• **INPUT DATA**
theorem proposition6p2:
  fixes E :: "'a \<Rightarrow> 'a \<Rightarrow> bool" and mu :: "'a \<Rightarrow> real"
    and w :: "'a \<Rightarrow> 'a \<Rightarrow> real" and mu0 D :: real
  assumes sym: "\<And>x y. E x y \<Longrightarrow> E y x"
    and irrefl: "\<And>x. \<not> E x x"
    and connected: "\<And>x y. E\<^sup>*\<^sup>* x y"
    and infinite_V: "infinite (UNIV :: 'a set)"
    and locfin: "\<And>x. finite {y. E x y}"
    and mu_pos: "\<And>x. mu x > 0"
    and w_pos: "\<And>x y. E x y \<Longrightarrow> w x y > 0"
    and mu0_pos: "mu0 > 0"
    and mu_lower: "\<And>x. mu x \<ge> mu0"
    and w_sym: "\<And>x y. E x y \<Longrightarrow> w x y = w y x"
    and deg_bound: "\<And>x. (\<Sum>y\<in>{y. E x y}. w x y) \<le> D"
  shows "\<forall>p::real. 1 \<le> p \<longrightarrow> W1p E mu w p = W01p E mu w p"
proof (intro allI impI)
  fix p :: real
  assume "1 \<le> p"
  have w_nonneg: "\<And>x y. E x y \<Longrightarrow> 0 \<le> w x y"
    using w_pos by (simp add: less_imp_le)
  show "W1p E mu w p = W01p E mu w p"
    using W01p_eq_W1p[OF locfin w_nonneg mu0_pos mu_lower deg_bound] \<open>1 \<le> p\<close> by simp
qed

end
lemma tends_zero_on_sample:
  assumes "tends_zero_on S f" "\<tau> > 0" "\<And>n. real n * \<tau> \<in> S"
  shows "(\<lambda>n. f (real n * \<tau>)) \<longlonglongrightarrow> 0"
proof (rule tendstoI)
  fix e :: real assume "e > 0"
  have "filterlim (\<lambda>n. \<tau> * real n) at_top sequentially"
    using filterlim_tendsto_pos_mult_at_top[OF tendsto_const assms(2) filterlim_real_sequentially] .
  then have "filterlim (\<lambda>n. real n * \<tau>) at_top sequentially" by (simp add: mult.commute)
  moreover have "\<forall>\<^sub>F t in at_top. t \<in> S \<longrightarrow> \<bar>f t\<bar> < e"
    using assms(1) \<open>e > 0\<close> by (simp add: tends_zero_on_iff_eventually)
  ultimately show "\<forall>\<^sub>F n in sequentially. dist (f (real n * \<tau>)) 0 < e"
    using assms(3) by (auto dest: eventually_compose_filterlim elim: eventually_mono)
qed

lemma tends_zero_on_dist_Pair:
  assumes "tends_zero_on S (\<lambda>t. dist (a t) (c t))" "tends_zero_on S (\<lambda>t. dist (b t) (d t))"
  shows "tends_zero_on S (\<lambda>t. dist (a t, b t) (c t, d t))"
  unfolding tends_zero_on_iff_eventually
proof (intro allI impI)
  fix e :: real assume "e > 0"
  then have "\<forall>\<^sub>F t in at_top. t \<in> S \<longrightarrow> dist (a t) (c t) < e/2"
    and "\<forall>\<^sub>F t in at_top. t \<in> S \<longrightarrow> dist (b t) (d t) < e/2"
    using assms[unfolded tends_zero_on_iff_eventually, rule_format, of "e/2"] by simp_all
  then show "\<forall>\<^sub>F t in at_top. t \<in> S \<longrightarrow> \<bar>dist (a t, b t) (c t, d t)\<bar> < e"
  proof eventually_elim
    case (elim t)
    then show ?case using dist_Pair_le_add[of "a t" "b t" "c t" "d t"] by auto
  qed
qed

section \<open>Monotone cocycles over an asymptotically periodic base\<close>

lemma dyn_system_periodic_multiple:
  assumes "dyn_system S \<sigma>" "time_set S" "\<tau> \<in> pos_part S" "\<sigma> \<tau> p = p"
  shows "\<sigma> (real k * \<tau>) p = p"
proof (induction k)
  case 0
  then show ?case using assms(1) by (simp add: dyn_system_def)
next
  case (Suc k)
  have "real k * \<tau> \<in> S" "\<tau> \<in> S"
    using time_set_pos_part_multiple[OF assms(2,3)] assms(3) by (simp_all add: pos_part_def)
  then have "\<sigma> (\<tau> + real k * \<tau>) p = \<sigma> \<tau> (\<sigma> (real k * \<tau>) p)"
    using assms(1) by (simp add: dyn_system_def)
  then show ?case using Suc assms(4) by (simp add: algebra_simps)
qed
(* Let $G$ be a connected graph in $\mathcal{C}$ and $C$ an induced $C_5$ in $G$ with vertices $0,\dots,4$ in cyclic order. If $R\neq\emptyset$, then $|X_i|\le 2$ for every $i$.
   Context: $\mathcal{C}=\mathrm{Free}(\text{claw}, 4K_1, \text{5-wheel}, C_5\text{-twin}, P_5\text{-twin}, K_5-e)$, where $\mathrm{Free}(L)$ is the class of graphs with no induced subgraph isomorphic to a member of $L$; the claw is $K_{1,3}$; $4K_1$ is the edgeless graph on 4 vertices; the 5-wheel is $C_5$ plus a vertex adjacent to all five cycle vertices; the $C_5$-twin is $C_5$ plus a new vertex adjacent to one cycle vertex $v$ and both cycle-neighbours of $v$; the $P_5$-twin is a path $p_1p_2p_3p_4p_5$ plus a new vertex adjacent to exactly $p_2,p_3,p_4$; $K_5-e$ is $K_5$ minus one edge. Given an induced cycle $C$ of length 5 with vertices $0,\dots,4$ in cyclic order (indices taken mod 5): $R$ is the set of vertices outside $C$ with no neighbour in $C$; $X_j$ is the set of vertices outside $C$ whose neighbourhood in $C$ is exactly $\{j,j+1\}$; $Y_j$ is the set of vertices outside $C$ whose neighbourhood in $C$ is exactly $\{j,j+1,j+2,j+3\}$; $X=\bigcup_j X_j$, $Y=\bigcup_j Y_j$. *)

theory Defs
  imports Main
begin

definition graph :: "'a set \<Rightarrow> ('a \<Rightarrow> 'a \<Rightarrow> bool) \<Rightarrow> bool" where
  "graph V E \<longleftrightarrow> finite V \<and> (\<forall>u v. E u v \<longrightarrow> u \<in> V \<and> v \<in> V)
     \<and> (\<forall>u v. E u v \<longrightarrow> E v u) \<and> (\<forall>v. \<not> E v v)"

definition connected_graph :: "'a set \<Rightarrow> ('a \<Rightarrow> 'a \<Rightarrow> bool) \<Rightarrow> bool" where
  "connected_graph V E \<longleftrightarrow> (\<forall>u\<in>V. \<forall>v\<in>V. (\<lambda>x y. x \<in> V \<and> y \<in> V \<and> E x y)\<^sup>*\<^sup>* u v)"

definition has_induced :: "'a set \<Rightarrow> ('a \<Rightarrow> 'a \<Rightarrow> bool) \<Rightarrow> nat \<Rightarrow> (nat \<Rightarrow> nat \<Rightarrow> bool) \<Rightarrow> bool" where
  "has_induced V E n H \<longleftrightarrow> (\<exists>f. inj_on f {..<n} \<and> f ` {..<n} \<subseteq> V \<and>
      (\<forall>i<n. \<forall>j<n. E (f i) (f j) \<longleftrightarrow> H i j))"

definition cyc5 :: "nat \<Rightarrow> nat \<Rightarrow> bool" where
  "cyc5 i j \<longleftrightarrow> i < 5 \<and> j < 5 \<and> (j = (i + 1) mod 5 \<or> i = (j + 1) mod 5)"

definition claw :: "nat \<Rightarrow> nat \<Rightarrow> bool" where
  "claw i j \<longleftrightarrow> i \<noteq> j \<and> (i = 0 \<or> j = 0)"

definition fourK1 :: "nat \<Rightarrow> nat \<Rightarrow> bool" where
  "fourK1 i j \<longleftrightarrow> False"

definition wheel5 :: "nat \<Rightarrow> nat \<Rightarrow> bool" where
  "wheel5 i j \<longleftrightarrow> cyc5 i j \<or> (i = 5 \<and> j < 5) \<or> (j = 5 \<and> i < 5)"

definition c5twin :: "nat \<Rightarrow> nat \<Rightarrow> bool" where
  "c5twin i j \<longleftrightarrow> cyc5 i j \<or> (i = 5 \<and> j \<in> {0,1,4}) \<or> (j = 5 \<and> i \<in> {0,1,4})"

definition p5twin :: "nat \<Rightarrow> nat \<Rightarrow> bool" where
  "p5twin i j \<longleftrightarrow> (i < 5 \<and> j < 5 \<and> (j = i + 1 \<or> i = j + 1))
     \<or> (i = 5 \<and> j \<in> {1,2,3}) \<or> (j = 5 \<and> i \<in> {1,2,3})"

definition k5e :: "nat \<Rightarrow> nat \<Rightarrow> bool" where
  "k5e i j \<longleftrightarrow> i \<noteq> j \<and> {i,j} \<noteq> {0,1}"

definition in_class_C :: "'a set \<Rightarrow> ('a \<Rightarrow> 'a \<Rightarrow> bool) \<Rightarrow> bool" where
  "in_class_C V E \<longleftrightarrow> \<not> has_induced V E 4 claw \<and> \<not> has_induced V E 4 fourK1
     \<and> \<not> has_induced V E 6 wheel5 \<and> \<not> has_induced V E 6 c5twin
     \<and> \<not> has_induced V E 6 p5twin \<and> \<not> has_induced V E 5 k5e"

definition induced_C5 :: "'a set \<Rightarrow> ('a \<Rightarrow> 'a \<Rightarrow> bool) \<Rightarrow> (nat \<Rightarrow> 'a) \<Rightarrow> bool" where
  "induced_C5 V E c \<longleftrightarrow> inj_on c {..<5} \<and> c ` {..<5} \<subseteq> V \<and>
      (\<forall>i<5. \<forall>j<5. E (c i) (c j) \<longleftrightarrow> cyc5 i j)"

definition nbrC :: "('a \<Rightarrow> 'a \<Rightarrow> bool) \<Rightarrow> (nat \<Rightarrow> 'a) \<Rightarrow> 'a \<Rightarrow> nat set" where
  "nbrC E c v = {i. i < 5 \<and> E v (c i)}"

definition Rset :: "'a set \<Rightarrow> ('a \<Rightarrow> 'a \<Rightarrow> bool) \<Rightarrow> (nat \<Rightarrow> 'a) \<Rightarrow> 'a set" where
  "Rset V E c = {v \<in> V - c ` {..<5}. nbrC E c v = {}}"

definition Xset :: "'a set \<Rightarrow> ('a \<Rightarrow> 'a \<Rightarrow> bool) \<Rightarrow> (nat \<Rightarrow> 'a) \<Rightarrow> nat \<Rightarrow> 'a set" where
  "Xset V E c j = {v \<in> V - c ` {..<5}. nbrC E c v = {j mod 5, (j + 1) mod 5}}"

end

theory Submission
  imports Defs
begin

text \<open>Two non-adjacent vertices of \<open>X\<^sub>i\<close> would form a claw with \<open>c i\<close> and \<open>c (i - 1)\<close>, so
  \<open>X\<^sub>i\<close> is a clique. A vertex \<open>r \<in> R\<close> is adjacent to every \<open>x \<in> X\<^sub>i\<close>, since otherwise
  \<open>r, x, c (i + 2), c (i - 1)\<close> would be independent. So three vertices of \<open>X\<^sub>i\<close> form a
  triangle joined completely to both \<open>r\<close> and \<open>c i\<close>, which are non-adjacent: an induced
  \<open>K\<^sub>5 - e\<close>.\<close>

lemma has_induced_listI:
  assumes "distinct xs" "set xs \<subseteq> V"
    and "\<forall>i<length xs. \<forall>j<length xs. E (xs ! i) (xs ! j) \<longleftrightarrow> H i j"
  shows "has_induced V E (length xs) H"
  unfolding has_induced_def
proof (intro exI conjI)
  show "inj_on ((!) xs) {..<length xs}"
    using assms(1) by (auto simp: inj_on_def distinct_conv_nth)
  show "(!) xs ` {..<length xs} \<subseteq> V"
    using assms(2) by (auto simp: set_conv_nth)
qed (use assms(3) in blast)

lemma graph_sym: "graph V E \<Longrightarrow> E u v \<Longrightarrow> E v u"
  and graph_irrefl: "graph V E \<Longrightarrow> \<not> E v v"
  by (auto simp: graph_def)

lemma claw_free_nbrs_adjacent:
  assumes G: "graph V E" and free: "\<not> has_induced V E 4 claw"
    and V: "v \<in> V" "w \<in> V" "x \<in> V" "y \<in> V" and "distinct [w, x, y]"
    and E: "E v w" "E v x" "E v y" "\<not> E w x" "\<not> E w y"
  shows "E x y"
proof (rule ccontr)
  assume "\<not> E x y"
  have "has_induced V E (length [v, w, x, y]) claw"
    using E \<open>distinct [w, x, y]\<close> \<open>\<not> E x y\<close> graph_sym[OF G] graph_irrefl[OF G] V
    by (intro has_induced_listI) (auto simp: claw_def less_Suc_eq numeral_eq_Suc dest: graph_sym[OF G])
  with free show False by (simp add: numeral_eq_Suc)
qed

lemma fourK1_free_adjacent:
  assumes G: "graph V E" and free: "\<not> has_induced V E 4 fourK1"
    and V: "r \<in> V" "x \<in> V" "s \<in> V" "t \<in> V" and "distinct [r, x, s, t]"
    and E: "\<not> E r s" "\<not> E r t" "\<not> E x s" "\<not> E x t" "\<not> E s t"
  shows "E r x"
proof (rule ccontr)
  assume "\<not> E r x"
  have "has_induced V E (length [r, x, s, t]) fourK1"
    using E \<open>distinct [r, x, s, t]\<close> \<open>\<not> E r x\<close> V graph_irrefl[OF G]
    by (intro has_induced_listI) (auto simp: fourK1_def less_Suc_eq numeral_eq_Suc dest: graph_sym[OF G])
  with free show False by (simp add: numeral_eq_Suc)
qed

lemma k5e_free_no_common_triangle:
  assumes G: "graph V E" and free: "\<not> has_induced V E 5 k5e"
    and V: "r \<in> V" "u \<in> V" "a \<in> V" "b \<in> V" "d \<in> V" and "r \<noteq> u" "\<not> E r u"
    and E: "E r a" "E r b" "E r d" "E u a" "E u b" "E u d" "E a b" "E a d" "E b d"
  shows False
proof -
  have "distinct [r, u, a, b, d]"
    using E \<open>r \<noteq> u\<close> graph_irrefl[OF G] by auto
  then have "has_induced V E (length [r, u, a, b, d]) k5e"
    using E \<open>\<not> E r u\<close> V graph_irrefl[OF G]
    by (intro has_induced_listI)
      (auto simp: k5e_def doubleton_eq_iff less_Suc_eq numeral_eq_Suc dest: graph_sym[OF G])
  with free show False by (simp add: numeral_eq_Suc)
qed

lemma less_5_cases:
  assumes "(i::nat) < 5"
  obtains "i = 0" | "i = 1" | "i = 2" | "i = 3" | "i = 4"
  using assms by fastforce

lemma induced_C5_at:
  assumes "induced_C5 V E c" "i < 5"
  shows "c i \<in> V" "c ((i + 2) mod 5) \<in> V" "c ((i + 4) mod 5) \<in> V"
    and "E (c i) (c ((i + 4) mod 5))" "\<not> E (c ((i + 2) mod 5)) (c ((i + 4) mod 5))"
    and "c ((i + 2) mod 5) \<noteq> c ((i + 4) mod 5)"
proof -
  from assms(1) have V: "\<And>k. k < 5 \<Longrightarrow> c k \<in> V"
    and inj: "\<And>j k. j < 5 \<Longrightarrow> k < 5 \<Longrightarrow> c j = c k \<longleftrightarrow> j = k"
    and E: "\<And>j k. j < 5 \<Longrightarrow> k < 5 \<Longrightarrow> E (c j) (c k) \<longleftrightarrow> cyc5 j k"
    by (auto simp: induced_C5_def inj_on_eq_iff)
  show "c i \<in> V" "c ((i + 2) mod 5) \<in> V" "c ((i + 4) mod 5) \<in> V"
    using V \<open>i < 5\<close> by simp_all
  show "E (c i) (c ((i + 4) mod 5))" "\<not> E (c ((i + 2) mod 5)) (c ((i + 4) mod 5))"
    and "c ((i + 2) mod 5) \<noteq> c ((i + 4) mod 5)"
    using \<open>i < 5\<close> by (cases rule: less_5_cases; simp add: E inj cyc5_def)+
qed

lemma Xset_adjacency:
  assumes "x \<in> Xset V E c i" "i < 5"
  shows "x \<in> V" "x \<notin> c ` {..<5}" "E x (c i)"
    and "\<not> E x (c ((i + 2) mod 5))" "\<not> E x (c ((i + 4) mod 5))"
proof -
  from assms(1) have "x \<in> V" "x \<notin> c ` {..<5}"
    and nbrs: "nbrC E c x = {i mod 5, (i + 1) mod 5}"
    by (auto simp: Xset_def)
  then show "x \<in> V" "x \<notin> c ` {..<5}" by simp_all
  have "i \<in> nbrC E c x" "(i + 2) mod 5 \<notin> nbrC E c x" "(i + 4) mod 5 \<notin> nbrC E c x"
    unfolding nbrs using \<open>i < 5\<close> by (cases rule: less_5_cases; simp)+
  then show "E x (c i)" "\<not> E x (c ((i + 2) mod 5))" "\<not> E x (c ((i + 4) mod 5))"
    by (simp_all add: nbrC_def)
qed

lemma Rset_nonadjacent:
  assumes "r \<in> Rset V E c"
  shows "r \<in> V" "r \<notin> c ` {..<5}" "\<And>k. k < 5 \<Longrightarrow> \<not> E r (c k)"
  using assms by (auto simp: Rset_def nbrC_def)

lemma Xset_clique:
  assumes G: "graph V E" and free: "\<not> has_induced V E 4 claw" and C5: "induced_C5 V E c"
    and "i < 5" and X: "x \<in> Xset V E c i" "y \<in> Xset V E c i" and "x \<noteq> y"
  shows "E x y"
proof (rule claw_free_nbrs_adjacent[OF G free, of "c i" "c ((i + 4) mod 5)"])
  note Xadj = Xset_adjacency[OF _ \<open>i < 5\<close>]
  show "distinct [c ((i + 4) mod 5), x, y]"
    using Xadj(2)[OF X(1)] Xadj(2)[OF X(2)] \<open>x \<noteq> y\<close> by auto
  show "E (c i) x" "E (c i) y"
    using graph_sym[OF G Xadj(3)[OF X(1)]] graph_sym[OF G Xadj(3)[OF X(2)]] .
  show "\<not> E (c ((i + 4) mod 5)) x" "\<not> E (c ((i + 4) mod 5)) y"
    using Xadj(5)[OF X(1)] Xadj(5)[OF X(2)] graph_sym[OF G] by metis+
qed (use induced_C5_at[OF C5 \<open>i < 5\<close>] Xset_adjacency(1)[OF _ \<open>i < 5\<close>] X in auto)

lemma Rset_Xset_adjacent:
  assumes G: "graph V E" and free: "\<not> has_induced V E 4 fourK1" and C5: "induced_C5 V E c"
    and r: "r \<in> Rset V E c" and "i < 5" and X: "x \<in> Xset V E c i"
  shows "E r x"
proof (rule fourK1_free_adjacent[OF G free, of r x "c ((i + 2) mod 5)" "c ((i + 4) mod 5)"])
  note cyc = induced_C5_at[OF C5 \<open>i < 5\<close>] and Xadj = Xset_adjacency[OF X \<open>i < 5\<close>]
    and R = Rset_nonadjacent[OF r]
  have "r \<noteq> x"
    using Xadj(3) R(3) \<open>i < 5\<close> by blast
  then show "distinct [r, x, c ((i + 2) mod 5), c ((i + 4) mod 5)]"
    using Xadj(2) R(2) cyc(6) by auto
  show "\<not> E r (c ((i + 2) mod 5))" "\<not> E r (c ((i + 4) mod 5))"
    using R(3) by simp_all
  show "\<not> E x (c ((i + 2) mod 5))" "\<not> E x (c ((i + 4) mod 5))"
    and "\<not> E (c ((i + 2) mod 5)) (c ((i + 4) mod 5))"
    using Xadj(4,5) cyc(5) by simp_all
qed (use induced_C5_at[OF C5 \<open>i < 5\<close>] Xset_adjacency(1)[OF X \<open>i < 5\<close>]
       Rset_nonadjacent(1)[OF r] in simp_all)

lemma Xset_no_three:
  assumes G: "graph V E" and C: "in_class_C V E" and C5: "induced_C5 V E c"
    and r: "r \<in> Rset V E c" and "i < 5"
    and X: "a \<in> Xset V E c i" "b \<in> Xset V E c i" "d \<in> Xset V E c i"
    and "distinct [a, b, d]"
  shows False
proof -
  note Xadj = Xset_adjacency[OF _ \<open>i < 5\<close>] and R = Rset_nonadjacent[OF r]
  have free: "\<not> has_induced V E 4 claw" "\<not> has_induced V E 4 fourK1" "\<not> has_induced V E 5 k5e"
    using C by (simp_all add: in_class_C_def)
  show False
  proof (rule k5e_free_no_common_triangle[OF G free(3), of r "c i" a b d])
    show "r \<noteq> c i" "\<not> E r (c i)"
      using R(2,3) \<open>i < 5\<close> by auto
    show "E (c i) a" "E (c i) b" "E (c i) d"
      using X by (simp_all add: Xadj(3) graph_sym[OF G])
    show "E a b" "E a d" "E b d"
      using Xset_clique[OF G free(1) C5 \<open>i < 5\<close>] X \<open>distinct [a, b, d]\<close> by simp_all
    show "E r a" "E r b" "E r d"
      using Rset_Xset_adjacent[OF G free(2) C5 r \<open>i < 5\<close>] X by simp_all
  qed (use X Xadj(1) induced_C5_at(1)[OF C5 \<open>i < 5\<close>] R(1) in simp_all)
qed

theorem claim14:
  fixes V :: "'a set" and E :: "'a \<Rightarrow> 'a \<Rightarrow> bool" and c :: "nat \<Rightarrow> 'a"
  assumes "graph V E" and "connected_graph V E" and "in_class_C V E"
    and "induced_C5 V E c"
    and "Rset V E c \<noteq> {}"
  shows "\<forall>i<5. card (Xset V E c i) \<le> 2"
proof (intro allI impI)
  fix i :: nat
  assume "i < 5"
  obtain r where r: "r \<in> Rset V E c"
    using assms(5) by blast
  show "card (Xset V E c i) \<le> 2"
  proof (rule ccontr)
    assume "\<not> card (Xset V E c i) \<le> 2"
    then have "3 \<le> card (Xset V E c i)"
      by simp
    then obtain T where "T \<subseteq> Xset V E c i" "card T = 3"
      by (rule obtain_subset_with_card_n)
    then obtain a b d where "a \<in> Xset V E c i" "b \<in> Xset V E c i" "d \<in> Xset V E c i"
      "distinct [a, b, d]"
      by (auto simp: card_3_iff)
    then show False
      using Xset_no_three[OF assms(1,3,4) r \<open>i < 5\<close>] by blast
  qed
qed

end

• **WHAT TO DO**
In the records, find every line that has the string "notin" and copy it.

• **RESPONSE**
  shows "x \<in> V" "x \<notin> c ` {..<5}" "E x (c i)"
  from assms(1) have "x \<in> V" "x \<notin> c ` {..<5}"
  then show "x \<in> V" "x \<notin> c ` {..<5}" by simp_all
  have "i \<in> nbrC E c x" "(i + 2) mod 5 \<notin> nbrC E c x" "(i + 4) mod 5 \<notin> nbrC E c x"
  shows "r \<in> V" "r \<notin> c ` {..<5}" "\<And>k. k < 5 \<Longrightarrow> \<not> E r (c k)"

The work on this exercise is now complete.